Reproduce only what lies between the first line of the material below and the line containing "Context: The weight", with both of those lines included and every line kept exact.

:: Information supplied ::

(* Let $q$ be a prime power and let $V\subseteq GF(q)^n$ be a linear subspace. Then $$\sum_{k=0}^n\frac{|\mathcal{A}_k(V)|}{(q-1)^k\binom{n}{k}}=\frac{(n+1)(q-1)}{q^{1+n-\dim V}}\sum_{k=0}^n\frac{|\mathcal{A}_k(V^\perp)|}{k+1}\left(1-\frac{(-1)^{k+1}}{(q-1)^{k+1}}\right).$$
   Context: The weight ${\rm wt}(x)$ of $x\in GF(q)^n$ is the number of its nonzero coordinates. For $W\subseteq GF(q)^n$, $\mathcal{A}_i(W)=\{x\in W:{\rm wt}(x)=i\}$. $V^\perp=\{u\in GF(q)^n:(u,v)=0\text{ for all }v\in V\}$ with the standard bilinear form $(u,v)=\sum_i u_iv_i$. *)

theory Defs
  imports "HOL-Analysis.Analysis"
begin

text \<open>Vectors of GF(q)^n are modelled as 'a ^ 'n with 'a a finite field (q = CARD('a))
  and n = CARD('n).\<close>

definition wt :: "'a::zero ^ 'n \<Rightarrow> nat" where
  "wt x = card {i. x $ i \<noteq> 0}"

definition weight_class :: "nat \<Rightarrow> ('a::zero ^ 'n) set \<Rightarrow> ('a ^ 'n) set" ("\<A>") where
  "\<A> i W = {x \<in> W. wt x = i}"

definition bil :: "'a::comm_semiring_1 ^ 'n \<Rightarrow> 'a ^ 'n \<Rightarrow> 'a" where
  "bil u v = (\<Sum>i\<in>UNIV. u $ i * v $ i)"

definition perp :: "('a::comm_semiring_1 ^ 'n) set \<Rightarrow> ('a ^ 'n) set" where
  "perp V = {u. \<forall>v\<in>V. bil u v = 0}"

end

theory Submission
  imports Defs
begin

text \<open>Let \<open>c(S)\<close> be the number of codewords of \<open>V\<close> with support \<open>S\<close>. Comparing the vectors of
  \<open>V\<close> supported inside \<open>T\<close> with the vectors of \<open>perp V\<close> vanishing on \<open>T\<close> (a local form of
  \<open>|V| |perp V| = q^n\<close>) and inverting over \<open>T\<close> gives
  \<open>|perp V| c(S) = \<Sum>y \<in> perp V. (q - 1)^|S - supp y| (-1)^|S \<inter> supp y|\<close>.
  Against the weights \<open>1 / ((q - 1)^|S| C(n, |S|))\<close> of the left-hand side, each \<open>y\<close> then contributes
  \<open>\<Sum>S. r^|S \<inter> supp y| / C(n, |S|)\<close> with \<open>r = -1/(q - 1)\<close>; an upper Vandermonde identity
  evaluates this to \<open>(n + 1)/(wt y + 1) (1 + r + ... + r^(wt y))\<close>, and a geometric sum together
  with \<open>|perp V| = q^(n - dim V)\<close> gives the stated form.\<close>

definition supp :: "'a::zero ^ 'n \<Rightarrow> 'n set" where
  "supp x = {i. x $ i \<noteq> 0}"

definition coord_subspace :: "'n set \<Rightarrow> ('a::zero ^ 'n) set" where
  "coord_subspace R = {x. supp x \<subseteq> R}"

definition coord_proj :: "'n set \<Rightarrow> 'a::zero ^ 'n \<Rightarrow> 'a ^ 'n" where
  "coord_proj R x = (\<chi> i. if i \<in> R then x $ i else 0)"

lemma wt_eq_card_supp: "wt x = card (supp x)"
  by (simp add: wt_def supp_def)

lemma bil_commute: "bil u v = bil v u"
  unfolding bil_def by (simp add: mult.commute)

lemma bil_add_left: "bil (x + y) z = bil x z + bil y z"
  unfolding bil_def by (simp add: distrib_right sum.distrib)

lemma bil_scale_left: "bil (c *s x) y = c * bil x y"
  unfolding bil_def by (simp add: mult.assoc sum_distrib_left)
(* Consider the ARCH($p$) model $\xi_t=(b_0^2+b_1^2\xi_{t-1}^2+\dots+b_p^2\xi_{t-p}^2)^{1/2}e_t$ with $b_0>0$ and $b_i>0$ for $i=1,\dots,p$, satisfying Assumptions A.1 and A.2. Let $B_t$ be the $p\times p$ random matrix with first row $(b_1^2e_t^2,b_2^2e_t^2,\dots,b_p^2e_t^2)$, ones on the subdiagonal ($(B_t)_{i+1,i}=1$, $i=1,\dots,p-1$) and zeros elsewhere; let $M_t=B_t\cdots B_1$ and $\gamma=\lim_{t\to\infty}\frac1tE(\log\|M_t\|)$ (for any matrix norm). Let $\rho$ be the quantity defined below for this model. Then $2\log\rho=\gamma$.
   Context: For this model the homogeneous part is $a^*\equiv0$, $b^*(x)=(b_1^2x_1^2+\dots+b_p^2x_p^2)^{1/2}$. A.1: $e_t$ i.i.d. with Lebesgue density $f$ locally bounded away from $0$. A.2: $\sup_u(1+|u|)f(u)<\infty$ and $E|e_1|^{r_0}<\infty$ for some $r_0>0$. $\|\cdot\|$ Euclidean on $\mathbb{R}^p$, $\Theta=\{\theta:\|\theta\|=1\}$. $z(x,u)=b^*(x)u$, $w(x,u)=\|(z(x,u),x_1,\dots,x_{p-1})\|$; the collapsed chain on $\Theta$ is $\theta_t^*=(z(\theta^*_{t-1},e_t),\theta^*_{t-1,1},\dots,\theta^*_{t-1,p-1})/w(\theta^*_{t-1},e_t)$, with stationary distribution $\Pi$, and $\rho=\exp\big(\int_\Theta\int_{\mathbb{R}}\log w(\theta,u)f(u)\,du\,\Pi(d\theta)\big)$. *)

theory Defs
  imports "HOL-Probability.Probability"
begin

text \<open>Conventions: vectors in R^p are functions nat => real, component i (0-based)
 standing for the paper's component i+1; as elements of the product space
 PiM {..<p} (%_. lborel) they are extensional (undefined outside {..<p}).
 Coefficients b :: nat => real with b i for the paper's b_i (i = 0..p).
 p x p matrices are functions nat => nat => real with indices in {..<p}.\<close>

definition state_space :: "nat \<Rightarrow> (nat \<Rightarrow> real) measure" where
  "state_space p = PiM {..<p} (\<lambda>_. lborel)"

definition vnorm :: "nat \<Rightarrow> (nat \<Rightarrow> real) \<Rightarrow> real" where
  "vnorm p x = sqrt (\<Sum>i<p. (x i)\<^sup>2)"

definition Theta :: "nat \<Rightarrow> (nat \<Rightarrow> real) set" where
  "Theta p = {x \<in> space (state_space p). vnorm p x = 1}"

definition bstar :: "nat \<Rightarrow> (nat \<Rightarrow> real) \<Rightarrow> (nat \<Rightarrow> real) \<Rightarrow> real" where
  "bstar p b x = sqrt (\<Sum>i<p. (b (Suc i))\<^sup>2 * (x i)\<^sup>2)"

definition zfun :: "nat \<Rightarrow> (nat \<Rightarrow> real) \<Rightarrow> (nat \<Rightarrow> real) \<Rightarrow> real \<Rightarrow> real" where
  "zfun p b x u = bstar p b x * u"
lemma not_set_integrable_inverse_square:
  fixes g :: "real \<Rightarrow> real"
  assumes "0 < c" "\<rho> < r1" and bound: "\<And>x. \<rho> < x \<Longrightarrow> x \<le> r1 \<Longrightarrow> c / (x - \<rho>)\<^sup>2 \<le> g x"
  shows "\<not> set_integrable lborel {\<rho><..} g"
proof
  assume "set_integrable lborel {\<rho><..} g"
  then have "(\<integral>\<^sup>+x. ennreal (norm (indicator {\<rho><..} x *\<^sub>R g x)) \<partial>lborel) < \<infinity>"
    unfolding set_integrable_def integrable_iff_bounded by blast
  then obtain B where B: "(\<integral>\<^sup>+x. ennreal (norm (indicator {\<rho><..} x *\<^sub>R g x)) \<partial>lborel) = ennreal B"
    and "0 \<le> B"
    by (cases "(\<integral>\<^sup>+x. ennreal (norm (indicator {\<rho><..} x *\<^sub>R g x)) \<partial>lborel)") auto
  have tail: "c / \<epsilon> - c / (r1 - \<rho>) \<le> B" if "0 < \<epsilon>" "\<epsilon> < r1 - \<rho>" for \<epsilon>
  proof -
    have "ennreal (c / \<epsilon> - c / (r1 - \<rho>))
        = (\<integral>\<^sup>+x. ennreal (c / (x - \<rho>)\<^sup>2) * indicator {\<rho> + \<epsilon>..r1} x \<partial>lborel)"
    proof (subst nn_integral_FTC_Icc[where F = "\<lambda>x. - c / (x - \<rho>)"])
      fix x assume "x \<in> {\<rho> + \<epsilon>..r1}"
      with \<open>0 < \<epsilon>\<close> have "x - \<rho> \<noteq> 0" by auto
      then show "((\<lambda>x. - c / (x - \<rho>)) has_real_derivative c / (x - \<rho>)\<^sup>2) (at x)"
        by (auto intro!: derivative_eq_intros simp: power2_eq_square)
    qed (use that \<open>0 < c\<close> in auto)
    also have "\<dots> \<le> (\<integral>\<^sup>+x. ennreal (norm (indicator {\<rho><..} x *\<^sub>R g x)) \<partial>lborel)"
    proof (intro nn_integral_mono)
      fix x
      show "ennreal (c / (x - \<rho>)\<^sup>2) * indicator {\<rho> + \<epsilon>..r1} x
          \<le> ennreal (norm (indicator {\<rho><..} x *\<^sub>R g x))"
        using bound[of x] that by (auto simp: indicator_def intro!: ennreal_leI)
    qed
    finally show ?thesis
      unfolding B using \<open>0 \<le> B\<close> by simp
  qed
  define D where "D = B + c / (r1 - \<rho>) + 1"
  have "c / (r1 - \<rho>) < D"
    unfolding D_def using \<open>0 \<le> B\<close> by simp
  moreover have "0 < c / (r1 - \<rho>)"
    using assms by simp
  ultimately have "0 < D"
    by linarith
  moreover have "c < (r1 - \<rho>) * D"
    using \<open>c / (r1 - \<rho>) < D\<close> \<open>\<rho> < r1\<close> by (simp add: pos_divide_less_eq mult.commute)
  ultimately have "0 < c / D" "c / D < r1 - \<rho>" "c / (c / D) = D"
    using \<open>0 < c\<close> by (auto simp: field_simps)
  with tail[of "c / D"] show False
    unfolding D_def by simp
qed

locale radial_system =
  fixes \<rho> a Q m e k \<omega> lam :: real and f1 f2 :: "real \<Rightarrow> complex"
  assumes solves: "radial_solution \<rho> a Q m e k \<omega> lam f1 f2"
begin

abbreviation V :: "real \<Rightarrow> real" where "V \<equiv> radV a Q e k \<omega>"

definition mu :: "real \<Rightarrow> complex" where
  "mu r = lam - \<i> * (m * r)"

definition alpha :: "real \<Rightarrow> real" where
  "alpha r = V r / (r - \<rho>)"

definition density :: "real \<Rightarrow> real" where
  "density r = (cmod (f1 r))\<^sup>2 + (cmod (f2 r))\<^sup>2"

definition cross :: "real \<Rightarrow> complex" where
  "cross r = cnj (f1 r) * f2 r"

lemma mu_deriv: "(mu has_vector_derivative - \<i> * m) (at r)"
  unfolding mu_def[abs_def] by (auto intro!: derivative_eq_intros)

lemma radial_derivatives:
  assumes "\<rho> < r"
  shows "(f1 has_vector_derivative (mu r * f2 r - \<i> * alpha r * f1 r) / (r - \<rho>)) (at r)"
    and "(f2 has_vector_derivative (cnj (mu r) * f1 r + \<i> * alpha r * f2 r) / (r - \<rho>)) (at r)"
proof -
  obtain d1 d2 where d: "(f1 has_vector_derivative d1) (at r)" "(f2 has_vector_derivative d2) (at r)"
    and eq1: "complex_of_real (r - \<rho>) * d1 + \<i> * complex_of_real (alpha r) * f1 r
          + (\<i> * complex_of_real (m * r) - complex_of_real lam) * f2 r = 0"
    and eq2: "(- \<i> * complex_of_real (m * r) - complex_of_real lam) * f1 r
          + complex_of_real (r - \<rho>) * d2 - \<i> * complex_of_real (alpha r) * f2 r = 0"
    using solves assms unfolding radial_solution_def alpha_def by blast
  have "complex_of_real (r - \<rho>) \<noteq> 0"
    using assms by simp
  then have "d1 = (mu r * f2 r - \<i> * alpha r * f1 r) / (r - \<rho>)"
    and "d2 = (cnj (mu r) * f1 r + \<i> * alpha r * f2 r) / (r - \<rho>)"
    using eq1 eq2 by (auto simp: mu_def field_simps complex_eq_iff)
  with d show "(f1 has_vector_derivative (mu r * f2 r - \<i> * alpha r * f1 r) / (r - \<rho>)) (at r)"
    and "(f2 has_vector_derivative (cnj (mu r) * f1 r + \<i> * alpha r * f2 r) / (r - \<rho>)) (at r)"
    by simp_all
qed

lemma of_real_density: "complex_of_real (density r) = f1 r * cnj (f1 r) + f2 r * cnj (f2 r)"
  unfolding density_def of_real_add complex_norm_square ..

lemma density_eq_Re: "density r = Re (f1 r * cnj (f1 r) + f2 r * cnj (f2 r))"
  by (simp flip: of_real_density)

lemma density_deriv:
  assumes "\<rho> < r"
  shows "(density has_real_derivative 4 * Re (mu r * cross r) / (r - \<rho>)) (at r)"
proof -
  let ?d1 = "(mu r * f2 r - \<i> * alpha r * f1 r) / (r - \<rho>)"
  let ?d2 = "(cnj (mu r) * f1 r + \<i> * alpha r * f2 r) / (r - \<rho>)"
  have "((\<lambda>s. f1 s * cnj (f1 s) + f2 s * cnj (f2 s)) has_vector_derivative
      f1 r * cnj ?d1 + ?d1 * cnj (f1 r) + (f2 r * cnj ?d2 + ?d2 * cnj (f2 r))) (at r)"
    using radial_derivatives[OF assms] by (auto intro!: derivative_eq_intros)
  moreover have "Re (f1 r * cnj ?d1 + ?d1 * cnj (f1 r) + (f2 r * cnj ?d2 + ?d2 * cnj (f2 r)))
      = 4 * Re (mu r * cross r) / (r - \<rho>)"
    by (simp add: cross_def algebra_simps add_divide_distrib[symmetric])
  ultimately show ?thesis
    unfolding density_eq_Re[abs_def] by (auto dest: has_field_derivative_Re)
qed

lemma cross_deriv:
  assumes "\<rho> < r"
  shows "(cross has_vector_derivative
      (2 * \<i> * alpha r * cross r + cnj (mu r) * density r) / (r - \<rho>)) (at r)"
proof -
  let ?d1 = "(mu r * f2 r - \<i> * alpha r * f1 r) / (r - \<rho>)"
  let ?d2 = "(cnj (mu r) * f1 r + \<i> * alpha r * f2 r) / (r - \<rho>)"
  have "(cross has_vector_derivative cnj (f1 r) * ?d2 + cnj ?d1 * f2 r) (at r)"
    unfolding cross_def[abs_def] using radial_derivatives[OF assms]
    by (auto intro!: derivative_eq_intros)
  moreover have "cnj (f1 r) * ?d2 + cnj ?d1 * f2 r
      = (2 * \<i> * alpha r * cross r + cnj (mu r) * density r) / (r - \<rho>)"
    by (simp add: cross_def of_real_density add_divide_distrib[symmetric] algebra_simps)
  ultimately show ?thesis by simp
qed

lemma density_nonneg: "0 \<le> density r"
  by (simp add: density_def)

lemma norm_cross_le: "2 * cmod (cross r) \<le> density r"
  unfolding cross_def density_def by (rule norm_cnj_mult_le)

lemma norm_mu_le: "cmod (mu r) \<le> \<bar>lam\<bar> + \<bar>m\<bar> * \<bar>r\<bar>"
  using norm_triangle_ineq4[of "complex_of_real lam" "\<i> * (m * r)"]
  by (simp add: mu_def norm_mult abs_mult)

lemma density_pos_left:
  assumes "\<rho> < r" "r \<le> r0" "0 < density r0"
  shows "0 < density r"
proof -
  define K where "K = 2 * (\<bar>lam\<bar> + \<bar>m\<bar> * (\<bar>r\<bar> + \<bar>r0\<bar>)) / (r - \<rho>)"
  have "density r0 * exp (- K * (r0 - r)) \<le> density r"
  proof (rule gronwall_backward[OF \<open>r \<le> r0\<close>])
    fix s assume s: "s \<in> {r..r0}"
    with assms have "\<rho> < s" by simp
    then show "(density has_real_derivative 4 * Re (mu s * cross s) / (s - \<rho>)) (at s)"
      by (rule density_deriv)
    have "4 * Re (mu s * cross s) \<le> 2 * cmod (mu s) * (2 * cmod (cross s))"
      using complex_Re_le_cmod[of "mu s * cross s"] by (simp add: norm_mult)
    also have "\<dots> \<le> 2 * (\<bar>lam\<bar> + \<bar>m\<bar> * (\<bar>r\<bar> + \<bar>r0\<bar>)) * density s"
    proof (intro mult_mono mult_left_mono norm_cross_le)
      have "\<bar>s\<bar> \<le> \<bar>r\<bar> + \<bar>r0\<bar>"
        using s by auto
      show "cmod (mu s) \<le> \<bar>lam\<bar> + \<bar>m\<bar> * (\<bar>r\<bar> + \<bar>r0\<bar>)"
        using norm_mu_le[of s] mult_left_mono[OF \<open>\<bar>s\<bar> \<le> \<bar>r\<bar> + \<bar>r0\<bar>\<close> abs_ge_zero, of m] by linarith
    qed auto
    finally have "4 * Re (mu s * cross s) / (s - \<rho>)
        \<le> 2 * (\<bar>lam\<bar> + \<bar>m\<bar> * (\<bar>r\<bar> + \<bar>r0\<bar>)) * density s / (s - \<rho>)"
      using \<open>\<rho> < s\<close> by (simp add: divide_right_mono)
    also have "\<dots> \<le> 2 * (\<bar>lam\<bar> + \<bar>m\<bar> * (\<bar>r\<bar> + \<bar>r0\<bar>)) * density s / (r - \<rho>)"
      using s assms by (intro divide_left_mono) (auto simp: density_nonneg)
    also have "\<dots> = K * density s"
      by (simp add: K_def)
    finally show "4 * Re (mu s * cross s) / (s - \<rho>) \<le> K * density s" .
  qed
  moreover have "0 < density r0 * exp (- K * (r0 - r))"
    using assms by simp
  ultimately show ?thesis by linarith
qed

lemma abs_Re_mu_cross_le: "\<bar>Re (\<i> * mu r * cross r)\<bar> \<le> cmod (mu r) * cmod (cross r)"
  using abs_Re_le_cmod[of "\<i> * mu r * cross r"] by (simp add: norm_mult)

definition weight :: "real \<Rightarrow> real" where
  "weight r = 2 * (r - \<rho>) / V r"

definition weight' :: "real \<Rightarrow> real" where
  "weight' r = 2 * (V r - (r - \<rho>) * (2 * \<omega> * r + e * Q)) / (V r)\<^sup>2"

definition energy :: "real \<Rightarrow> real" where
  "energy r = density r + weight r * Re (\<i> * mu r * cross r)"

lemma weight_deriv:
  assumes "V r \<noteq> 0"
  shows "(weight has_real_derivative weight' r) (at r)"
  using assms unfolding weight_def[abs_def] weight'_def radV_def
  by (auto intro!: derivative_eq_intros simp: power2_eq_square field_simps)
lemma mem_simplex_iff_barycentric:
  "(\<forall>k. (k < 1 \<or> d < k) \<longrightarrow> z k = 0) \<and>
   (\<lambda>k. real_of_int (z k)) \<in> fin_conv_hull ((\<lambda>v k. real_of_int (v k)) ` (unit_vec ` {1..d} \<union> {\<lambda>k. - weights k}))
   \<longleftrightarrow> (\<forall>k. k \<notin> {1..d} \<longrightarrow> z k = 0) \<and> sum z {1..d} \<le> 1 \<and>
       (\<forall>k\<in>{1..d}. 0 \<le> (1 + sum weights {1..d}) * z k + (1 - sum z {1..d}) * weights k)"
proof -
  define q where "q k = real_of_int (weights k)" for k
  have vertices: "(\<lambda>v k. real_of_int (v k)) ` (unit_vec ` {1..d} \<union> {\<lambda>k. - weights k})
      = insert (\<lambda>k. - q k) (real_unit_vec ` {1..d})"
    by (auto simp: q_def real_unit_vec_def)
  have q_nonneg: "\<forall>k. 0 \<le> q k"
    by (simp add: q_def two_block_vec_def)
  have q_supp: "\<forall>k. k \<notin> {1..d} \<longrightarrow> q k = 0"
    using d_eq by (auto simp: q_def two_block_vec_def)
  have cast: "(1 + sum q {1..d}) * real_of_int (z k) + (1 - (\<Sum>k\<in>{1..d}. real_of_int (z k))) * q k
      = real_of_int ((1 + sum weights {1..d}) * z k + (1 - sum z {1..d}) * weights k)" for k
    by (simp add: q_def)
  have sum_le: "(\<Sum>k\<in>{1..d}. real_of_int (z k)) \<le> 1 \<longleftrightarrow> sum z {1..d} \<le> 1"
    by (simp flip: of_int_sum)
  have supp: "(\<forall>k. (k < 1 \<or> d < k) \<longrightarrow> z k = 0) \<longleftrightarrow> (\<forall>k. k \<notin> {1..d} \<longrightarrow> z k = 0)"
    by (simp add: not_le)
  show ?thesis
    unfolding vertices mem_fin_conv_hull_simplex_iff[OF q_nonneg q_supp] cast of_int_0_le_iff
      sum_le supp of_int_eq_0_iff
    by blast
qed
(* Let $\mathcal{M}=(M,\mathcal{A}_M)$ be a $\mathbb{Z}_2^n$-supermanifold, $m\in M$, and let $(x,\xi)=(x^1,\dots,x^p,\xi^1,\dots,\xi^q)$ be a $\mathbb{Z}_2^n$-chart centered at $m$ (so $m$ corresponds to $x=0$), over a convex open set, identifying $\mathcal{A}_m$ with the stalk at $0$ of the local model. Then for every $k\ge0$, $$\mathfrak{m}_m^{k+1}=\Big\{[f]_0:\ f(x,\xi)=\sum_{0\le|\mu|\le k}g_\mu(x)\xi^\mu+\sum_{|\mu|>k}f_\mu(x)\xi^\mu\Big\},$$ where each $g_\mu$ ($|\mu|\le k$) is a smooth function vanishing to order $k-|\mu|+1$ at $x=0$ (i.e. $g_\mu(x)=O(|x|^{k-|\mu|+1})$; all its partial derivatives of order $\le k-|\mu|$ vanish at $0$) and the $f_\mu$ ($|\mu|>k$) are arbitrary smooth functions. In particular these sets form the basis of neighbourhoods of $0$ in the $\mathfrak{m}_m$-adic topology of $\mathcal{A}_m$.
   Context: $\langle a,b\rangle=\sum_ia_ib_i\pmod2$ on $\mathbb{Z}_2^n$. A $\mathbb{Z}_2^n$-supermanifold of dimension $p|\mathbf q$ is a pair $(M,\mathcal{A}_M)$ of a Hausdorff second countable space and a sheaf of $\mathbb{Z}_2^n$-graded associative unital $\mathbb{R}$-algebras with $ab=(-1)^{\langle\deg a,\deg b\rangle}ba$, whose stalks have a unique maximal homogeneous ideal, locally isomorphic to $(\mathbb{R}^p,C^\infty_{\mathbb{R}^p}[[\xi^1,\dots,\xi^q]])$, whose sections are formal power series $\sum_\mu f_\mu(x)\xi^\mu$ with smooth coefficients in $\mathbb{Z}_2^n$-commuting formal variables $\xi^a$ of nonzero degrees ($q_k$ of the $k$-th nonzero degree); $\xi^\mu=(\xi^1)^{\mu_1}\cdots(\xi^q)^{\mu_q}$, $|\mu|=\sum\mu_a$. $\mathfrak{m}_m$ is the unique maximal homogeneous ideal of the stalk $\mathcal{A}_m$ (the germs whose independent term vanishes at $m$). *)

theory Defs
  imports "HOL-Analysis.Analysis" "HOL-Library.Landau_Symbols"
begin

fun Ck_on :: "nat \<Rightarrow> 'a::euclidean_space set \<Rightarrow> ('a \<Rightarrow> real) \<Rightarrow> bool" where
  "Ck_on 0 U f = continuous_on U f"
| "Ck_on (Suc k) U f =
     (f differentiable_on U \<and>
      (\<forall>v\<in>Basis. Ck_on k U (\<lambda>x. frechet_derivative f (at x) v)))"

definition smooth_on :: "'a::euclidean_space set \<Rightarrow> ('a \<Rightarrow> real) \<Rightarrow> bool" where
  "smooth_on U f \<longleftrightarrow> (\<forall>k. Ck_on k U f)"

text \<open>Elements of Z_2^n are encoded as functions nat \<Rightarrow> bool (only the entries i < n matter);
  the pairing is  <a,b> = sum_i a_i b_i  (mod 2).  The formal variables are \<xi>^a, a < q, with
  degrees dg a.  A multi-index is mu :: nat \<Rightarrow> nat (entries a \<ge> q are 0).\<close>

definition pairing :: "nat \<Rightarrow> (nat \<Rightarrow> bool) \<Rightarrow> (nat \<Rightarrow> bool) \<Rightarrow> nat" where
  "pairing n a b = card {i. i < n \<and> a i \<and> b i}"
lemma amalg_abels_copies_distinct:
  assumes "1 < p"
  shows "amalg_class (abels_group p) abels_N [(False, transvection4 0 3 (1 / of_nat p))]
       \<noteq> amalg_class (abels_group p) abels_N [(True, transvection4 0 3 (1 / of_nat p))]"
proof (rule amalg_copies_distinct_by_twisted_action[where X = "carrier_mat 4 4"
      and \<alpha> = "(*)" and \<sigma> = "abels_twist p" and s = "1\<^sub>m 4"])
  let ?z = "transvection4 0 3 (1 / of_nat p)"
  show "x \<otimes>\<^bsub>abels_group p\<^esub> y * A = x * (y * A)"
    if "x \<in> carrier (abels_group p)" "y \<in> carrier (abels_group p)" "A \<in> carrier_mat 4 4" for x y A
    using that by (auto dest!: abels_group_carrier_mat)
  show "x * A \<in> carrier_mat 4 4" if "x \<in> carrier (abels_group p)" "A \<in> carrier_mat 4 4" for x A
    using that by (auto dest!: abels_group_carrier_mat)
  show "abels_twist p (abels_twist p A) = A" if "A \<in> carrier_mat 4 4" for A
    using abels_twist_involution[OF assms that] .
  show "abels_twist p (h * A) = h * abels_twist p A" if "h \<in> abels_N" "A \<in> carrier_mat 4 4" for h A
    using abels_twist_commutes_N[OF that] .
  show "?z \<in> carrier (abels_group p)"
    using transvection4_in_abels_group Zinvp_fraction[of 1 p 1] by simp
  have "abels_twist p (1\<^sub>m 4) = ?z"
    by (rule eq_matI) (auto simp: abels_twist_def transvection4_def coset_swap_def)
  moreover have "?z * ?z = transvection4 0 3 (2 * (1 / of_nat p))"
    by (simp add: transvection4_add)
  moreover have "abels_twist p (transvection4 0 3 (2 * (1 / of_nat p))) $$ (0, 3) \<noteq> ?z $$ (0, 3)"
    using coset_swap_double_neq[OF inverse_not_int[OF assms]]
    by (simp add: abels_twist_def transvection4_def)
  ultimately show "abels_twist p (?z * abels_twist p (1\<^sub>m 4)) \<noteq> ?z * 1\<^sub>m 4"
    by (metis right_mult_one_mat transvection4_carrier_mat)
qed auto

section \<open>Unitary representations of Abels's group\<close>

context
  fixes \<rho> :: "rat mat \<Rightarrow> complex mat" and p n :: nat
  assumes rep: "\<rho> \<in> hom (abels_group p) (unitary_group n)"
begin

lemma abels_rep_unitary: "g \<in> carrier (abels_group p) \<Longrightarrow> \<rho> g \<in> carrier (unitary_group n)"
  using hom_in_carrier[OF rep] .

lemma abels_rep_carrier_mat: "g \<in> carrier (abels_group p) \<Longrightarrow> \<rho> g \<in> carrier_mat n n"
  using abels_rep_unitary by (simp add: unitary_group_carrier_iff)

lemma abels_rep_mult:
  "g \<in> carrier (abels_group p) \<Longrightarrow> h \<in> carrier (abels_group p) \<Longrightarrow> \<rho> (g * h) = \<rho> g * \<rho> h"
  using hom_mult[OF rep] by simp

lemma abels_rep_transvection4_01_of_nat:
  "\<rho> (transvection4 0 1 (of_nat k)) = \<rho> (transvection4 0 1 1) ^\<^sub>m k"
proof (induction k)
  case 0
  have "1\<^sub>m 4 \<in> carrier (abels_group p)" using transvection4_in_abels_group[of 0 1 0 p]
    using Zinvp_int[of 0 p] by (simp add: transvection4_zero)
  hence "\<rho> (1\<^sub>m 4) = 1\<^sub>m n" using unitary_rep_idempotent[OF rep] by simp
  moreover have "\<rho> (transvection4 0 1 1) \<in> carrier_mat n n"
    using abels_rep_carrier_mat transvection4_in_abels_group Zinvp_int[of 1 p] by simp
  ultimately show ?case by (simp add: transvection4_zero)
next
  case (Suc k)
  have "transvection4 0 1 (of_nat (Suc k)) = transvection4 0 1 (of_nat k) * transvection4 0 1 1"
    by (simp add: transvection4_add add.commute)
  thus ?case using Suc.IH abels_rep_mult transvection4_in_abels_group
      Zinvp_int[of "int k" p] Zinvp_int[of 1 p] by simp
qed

:::

**Solved problem**
(* Let $q$ be a prime power and let $V\subseteq GF(q)^n$ be a linear subspace. Then $$\sum_{k=0}^n\frac{|\mathcal{A}_k(V)|}{(q-1)^k\binom{n}{k}}=\frac{(n+1)(q-1)}{q^{1+n-\dim V}}\sum_{k=0}^n\frac{|\mathcal{A}_k(V^\perp)|}{k+1}\left(1-\frac{(-1)^{k+1}}{(q-1)^{k+1}}\right).$$
   Context: The weight ${\rm wt}(x)$ of $x\in GF(q)^n$ is the number of its nonzero coordinates. For $W\subseteq GF(q)^n$, $\mathcal{A}_i(W)=\{x\in W:{\rm wt}(x)=i\}$. $V^\perp=\{u\in GF(q)^n:(u,v)=0\text{ for all }v\in V\}$ with the standard bilinear form $(u,v)=\sum_i u_iv_i$. *)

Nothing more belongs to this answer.